# Anybody Travelled to Germany on JobSeeker Visa??



## brahma12

Hi Everyone ,

I am a software professional working in India (Bangalore).
I have planes to work and live in germany .
I heard about Germany Job seeker Visa.
Does any body travelled to Germany on Job Seeker Visa?
If you travelled on Job Seeker Visa, how are the situations ? and is it right way ?
Please give the information on this .
Thanks in Advance!!!


----------



## James3214

This is quite a hot topic on here and there have been previous threads about it. 
Check out the following and also use the search option.
http://www.expatforum.com/expats/ge...-german-jobseeker-visa-eu-blue-card-visa.html

Judging from the discussion, I don't think many have been successful in their applications, but I would also like to hear from those that did manage to get one of these visas and even more important that they found a job with it.
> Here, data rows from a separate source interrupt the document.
(* Let $\mathsf G=(A_\star,B,C,D)$ with $A_\star=SJ_\star S^{-1}$ its Jordan decomposition and $\rho(A_\star)\le1$. Then for all $n\ge1$, \[ \|\mathcal M_n(\mathsf G)\|_{\mathrm{op}}\le\|\mathcal M_{n+1}(\mathsf G)\|_{\mathrm{op}}\le\|D\|_{\mathrm{op}}+\|S^{-1}B\|_{\mathrm{op}}\|CS\|_{\mathrm{op}}K_2(n). \]
   Context: $\mathcal M_k(\mathsf G):=[D|CB|CA_\star B|\dots|CA_\star^{k-2}B]$. $\mathsf{blkspec}(A_\star)$ is the set of pairs $(\lambda,k)$ with $\lambda$ an eigenvalue of $A_\star$ and $k$ the size of an associated Jordan block. Define $\widetilde M(k,N):=N^{1/2}$ if $k=1$; $N^{k-1/2}\big(\frac e{k-1}\big)^{k-1}$ if $2\le k\le N+1$; $N^{1/2}2^N$ if $k\ge N+1$. Define $M(k,\lambda,N):=\min\{\frac{k}{(1-|\lambda|)^{k-1/2}},\widetilde M(k,N)\}$ if $0\le|\lambda|<1$ and $\widetilde M(k,N)$ if $|\lambda|=1$. $K_2(N):=\max_{(\lambda,k)\in\mathsf{blkspec}(A_\star)}M(k,\lambda,N)$. *)

theory Defs
  imports "Jordan_Normal_Form.Spectral_Radius"
begin

definition vec_norm2 :: "complex vec \<Rightarrow> real" where
  "vec_norm2 x = sqrt (\<Sum>i<dim_vec x. (cmod (x $ i))\<^sup>2)"

definition op_norm :: "complex mat \<Rightarrow> real" where
  "op_norm M = Sup {vec_norm2 (M *\<^sub>v x) | x. x \<in> carrier_vec (dim_col M) \<and> vec_norm2 x \<le> 1}"

text \<open>The block matrix M_k(G) = [D | CB | CAB | ... | CA^(k-2)B];
  D is p x m, B is d x m, so the result is p x (k*m). Block b (0-based) of columns
  is D for b = 0 and C A^(b-1) B for b >= 1.\<close>

definition markov_mat :: "nat \<Rightarrow> complex mat \<Rightarrow> complex mat \<Rightarrow> complex mat \<Rightarrow> complex mat \<Rightarrow> complex mat" where
  "markov_mat k A B C D =
     mat (dim_row D) (k * dim_col D)
       (\<lambda>(i, j). if j div dim_col D = 0 then D $$ (i, j mod dim_col D)
                 else (C * (A ^\<^sub>m (j div dim_col D - 1)) * B) $$ (i, j mod dim_col D))"

text \<open>Block spectrum of a Jordan matrix given by its list of (block size, eigenvalue)
  pairs: pairs (lambda, k); blocks of size 0 are not genuine blocks.\<close>

definition blkspec :: "(nat \<times> complex) list \<Rightarrow> (complex \<times> nat) set" where
  "blkspec n_as = {(lam, k) | lam k. (k, lam) \<in> set n_as \<and> k > 0}"

definition Mtilde :: "nat \<Rightarrow> nat \<Rightarrow> real" where
  "Mtilde k N =
     (if k = 1 then sqrt (real N)
      else if 2 \<le> k \<and> k \<le> N + 1 then
        real N powr (real k - 1/2) * (exp 1 / (real k - 1)) ^ (k - 1)
      else sqrt (real N) * 2 ^ N)"

definition Mfun :: "nat \<Rightarrow> complex \<Rightarrow> nat \<Rightarrow> real" where
  "Mfun k lam N =
     (if cmod lam < 1 then min (real k / (1 - cmod lam) powr (real k - 1/2)) (Mtilde k N)
      else Mtilde k N)"

definition K2 :: "(nat \<times> complex) list \<Rightarrow> nat \<Rightarrow> real" where
  "K2 n_as N = Max ((\<lambda>(lam, k). Mfun k lam N) ` blkspec n_as)"

end

theory Submission
  imports Defs "HOL-Analysis.L2_Norm" "HOL-Analysis.Convex"
begin

text \<open>With \<open>A = S J S\<^sup>-\<^sup>1\<close>, the blocks \<open>C A\<^sup>t B\<close> of \<open>\<M>\<^sub>n\<^sub>+\<^sub>1\<close> act on the block
  components \<open>x\<^sub>t\<close> of a unit vector as \<open>x \<mapsto> C S \<Sum>\<^sub>t J\<^sup>t (S\<^sup>-\<^sup>1 B) x\<^sub>t\<close>, so everything reduces to
  bounding \<open>\<parallel>\<Sum>\<^sub>t\<^sub><\<^sub>N J\<^sup>t y\<^sub>t\<parallel>\<close> by a constant times \<open>(\<Sum>\<^sub>t \<parallel>y\<^sub>t\<parallel>\<^sup>2)\<^sup>1\<^sup>/\<^sup>2\<close>. Since \<open>J\<close> is block diagonal
  it suffices to do this for one Jordan block \<open>J\<^sub>k(\<lambda>)\<close>. Its power \<open>J\<^sub>k(\<lambda>)\<^sup>t\<close> is
  \<open>\<Sum>\<^sub>j\<^sub><\<^sub>k (t choose j) \<lambda>\<^sup>t\<^sup>-\<^sup>j N\<^sup>j\<close> with contractive shifts \<open>N\<^sup>j\<close>, so by the triangle and
  Cauchy-Schwarz inequalities the constant is the \<open>\<ell>\<^sup>2\<close>-norm over \<open>t < N\<close> of
  \<open>c\<^sub>t = \<Sum>\<^sub>j\<^sub><\<^sub>k (t choose j) |\<lambda>|\<^sup>t\<^sup>-\<^sup>j\<close>. This norm is at most \<open>\<surd>N\<close> times a uniform bound on \<open>c\<^sub>t\<close>
  (a binomial tail estimate), and for \<open>|\<lambda>| < 1\<close> also at most \<open>k (1 - |\<lambda>|)\<^sup>1\<^sup>/\<^sup>2\<^sup>-\<^sup>k\<close>, by
  \<open>(t choose j)\<^sup>2 \<le> (2t choose 2j)\<close> and the generating function of binomial coefficients.\<close>

section \<open>Sums of binomial coefficients\<close>

lemma sum_power_le_inverse:
  fixes r :: real assumes "0 \<le> r" "r < 1"
  shows "(\<Sum>u<U. r ^ u) \<le> 1 / (1 - r)"
proof -
  have "(\<Sum>u<U. r ^ u) * (1 - r) = 1 - r ^ U"
    using assms by (simp add: sum_gp_strict)
  also have "\<dots> \<le> 1" using assms by simp
  finally show ?thesis using assms by (simp add: le_divide_eq)
qed
lemma convolution_poly_power_bound:
  fixes x y :: "nat \<Rightarrow> real" and M :: nat
  assumes x0: "\<And>n. 0 \<le> x n" and x1: "x 0 \<le> 1" and c: "0 < c"
    and y: "\<And>n. y n \<le> K * c ^ n" and KM: "K / c \<le> M"
    and conv: "\<And>n. real (Suc n) * x (Suc n) \<le> (\<Sum>j\<le>n. x j * y (n - j))"
  shows "x n \<le> (real n + 1) ^ M * c ^ n"
proof -
  txt \<open>Normalizing by \<open>c ^ j\<close> turns the convolution inequality into
    \<open>S (n + 1) \<le> (1 + M / (n + 1)) * S n\<close>.\<close>
  define S where "S n = (\<Sum>j\<le>n. x j / c ^ j)" for n
  have S_nonneg: "0 \<le> S n" for n
    using x0 c by (simp add: S_def sum_nonneg)
  have S_bound: "S n \<le> (real n + 1) ^ M"
  proof (rule power_bound_of_growth_factor)
    fix n
    have "real (Suc n) * x (Suc n) \<le> (\<Sum>j\<le>n. x j * (K * c ^ (n - j)))"
      using conv[of n] by (rule order_trans) (intro sum_mono mult_left_mono y x0)
    also have "\<dots> = K * c ^ n * S n"
      unfolding S_def sum_distrib_left using c
      by (intro sum.cong refl) (simp add: field_simps power_diff)
    finally have "real (Suc n) * x (Suc n) / c ^ Suc n \<le> K * c ^ n * S n / c ^ Suc n"
      using c by (intro divide_right_mono) simp_all
    then have "real (Suc n) * (x (Suc n) / c ^ Suc n) \<le> K / c * S n"
      using c by simp
    also have "\<dots> \<le> M * S n"
      using KM S_nonneg by (intro mult_right_mono) auto
    finally have "x (Suc n) / c ^ Suc n \<le> real M / (real n + 1) * S n"
      by (simp add: field_simps)
    then show "S (Suc n) \<le> (1 + real M / (real n + 1)) * S n"
      by (simp add: S_def algebra_simps)
  qed (use x1 S_nonneg in \<open>simp_all add: S_def\<close>)
  have "x n / c ^ n \<le> S n"
    unfolding S_def using x0 c by (intro member_le_sum) auto
  then have "x n \<le> S n * c ^ n"
    using c by (simp add: divide_le_eq)
  also have "\<dots> \<le> (real n + 1) ^ M * c ^ n"
    using S_bound c by (intro mult_right_mono) simp_all
  finally show ?thesis .
qed

lemma convolution_root_bound:
  fixes x y :: "nat \<Rightarrow> real"
  assumes x0: "\<And>n. 0 \<le> x n" and x1: "x 0 \<le> 1" and y0: "\<And>n. 0 \<le> y n" and L: "0 \<le> L"
    and y_growth: "\<And>d. L < d \<Longrightarrow> \<forall>\<^sub>F n in sequentially. root n (y n) < d"
    and conv: "\<And>n. real (Suc n) * x (Suc n) \<le> (\<Sum>j\<le>n. x j * y (n - j))"
    and "L < d"
  shows "\<forall>\<^sub>F n in sequentially. root n (x n) < d"
proof -
  define c where "c = (2 * L + d) / 3"
  define c' where "c' = (L + 2 * d) / 3"
  have c: "0 < c" "L < c" "c < c'" "c' < d"
    using L \<open>L < d\<close> by (auto simp: c_def c'_def)
  have y_le: "\<forall>\<^sub>F n in sequentially. y n \<le> c ^ n"
    using y_growth[OF \<open>L < c\<close>] eventually_gt_at_top[of 0]
  proof eventually_elim
    case (elim n)
    then show ?case
      using y0[of n] by (intro le_power_if_root_le) simp_all
  qed
  moreover have "\<And>n. 0 < c ^ n"
    using c by simp
  ultimately obtain K where "\<And>n. y n \<le> K * c ^ n"
    using eventually_le_imp_le_const_mult by blast
  moreover obtain M :: nat where "K / c \<le> M"
    using real_arch_simple by blast
  ultimately have bound: "x n \<le> (real n + 1) ^ M * c ^ n" for n
    using convolution_poly_power_bound[OF x0 x1 \<open>0 < c\<close> _ _ conv] by blast
  have "(\<lambda>n. (real n + 1) ^ M * (c / c') ^ n) \<longlonglongrightarrow> 0"
    using c by real_asymp
  then have "\<forall>\<^sub>F n in sequentially. (real n + 1) ^ M * (c / c') ^ n < 1"
    by (rule order_tendstoD) simp
  then show ?thesis
    using eventually_gt_at_top[of 0]
  proof eventually_elim
    case (elim n)
    have "x n \<le> (real n + 1) ^ M * (c / c') ^ n * c' ^ n"
      using bound[of n] c by (simp add: power_divide)
    also have "\<dots> \<le> c' ^ n"
      using elim c by (intro mult_left_le_one_le) auto
    finally have "x n \<le> c' ^ n" .
    then have "root n (x n) \<le> c'"
      using elim c by (intro root_le_if_le_power) simp_all
    then show ?case
      using c by simp
  qed
qed

lemma perm_density_avoids_consec_root_convergent:
  obtains L where "(\<lambda>n. root n (perm_density (avoids_consec s) n)) \<longlonglongrightarrow> L" "0 \<le> L"
    "\<And>n. 1 \<le> n \<Longrightarrow> L \<le> root n (perm_density (avoids_consec s) n)"
  using submultiplicative_root_convergent[where a = "perm_density (avoids_consec s)",
      OF perm_density_nonneg perm_density_le_1 perm_density_avoids_consec_submult] by blast

lemma perm_density_avoids_min_consec_max_root_less:
  assumes "(\<lambda>n. root n (perm_density (avoids_consec s) n)) \<longlonglongrightarrow> L" "0 \<le> L" "L < d"
  shows "\<forall>\<^sub>F n in sequentially. root n (perm_density (avoids_min_consec_max s) n) < d"
proof -
  have "\<forall>\<^sub>F n in sequentially. root n (perm_density (avoids_consec_max s) n) < e" if "L < e" for e
    by (rule convolution_root_bound[where x = "perm_density (avoids_consec_max s)"
          and y = "perm_density (avoids_consec s)", OF perm_density_nonneg perm_density_le_1
          perm_density_nonneg assms(2) order_tendstoD(2)[OF assms(1)]
          perm_density_avoids_consec_max_Suc that])
  then show ?thesis
    by (rule convolution_root_bound[where x = "perm_density (avoids_min_consec_max s)"
          and y = "perm_density (avoids_consec_max s)", OF perm_density_nonneg perm_density_le_1
          perm_density_nonneg assms(2) _ perm_density_avoids_min_consec_max_Suc assms(3)])
qed

section \<open>Translation to generalized patterns\<close>

lemma consecutive_positions:
  fixes idx :: "nat \<Rightarrow> nat"
  assumes "\<And>j. lo \<le> j \<Longrightarrow> j < hi \<Longrightarrow> idx (j + 1) = idx j + 1" and "lo + a \<le> hi"
  shows "idx (lo + a) = idx lo + a"
  using assms(2)
proof (induction a)
  case (Suc a)
  then show ?case
    using assms(1)[of "lo + a"] by simp
qed simp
I have'nt heard of any so far!


----------



## jbabyme

You can travel through Job seeker visa , you should know the basic german otherwise it is very tough to live in Germany and German's are a little bit rude people.


----------



## brahma12

Thanks Guys for your response!
Here the only question we need to think is "after moving to Germany on a Job Seeker Visa, if we did not get success then it will be a big trouble.." 
Actually i am looking here for the people who are currently searching job in Germany on Job Seeker Visa.


----------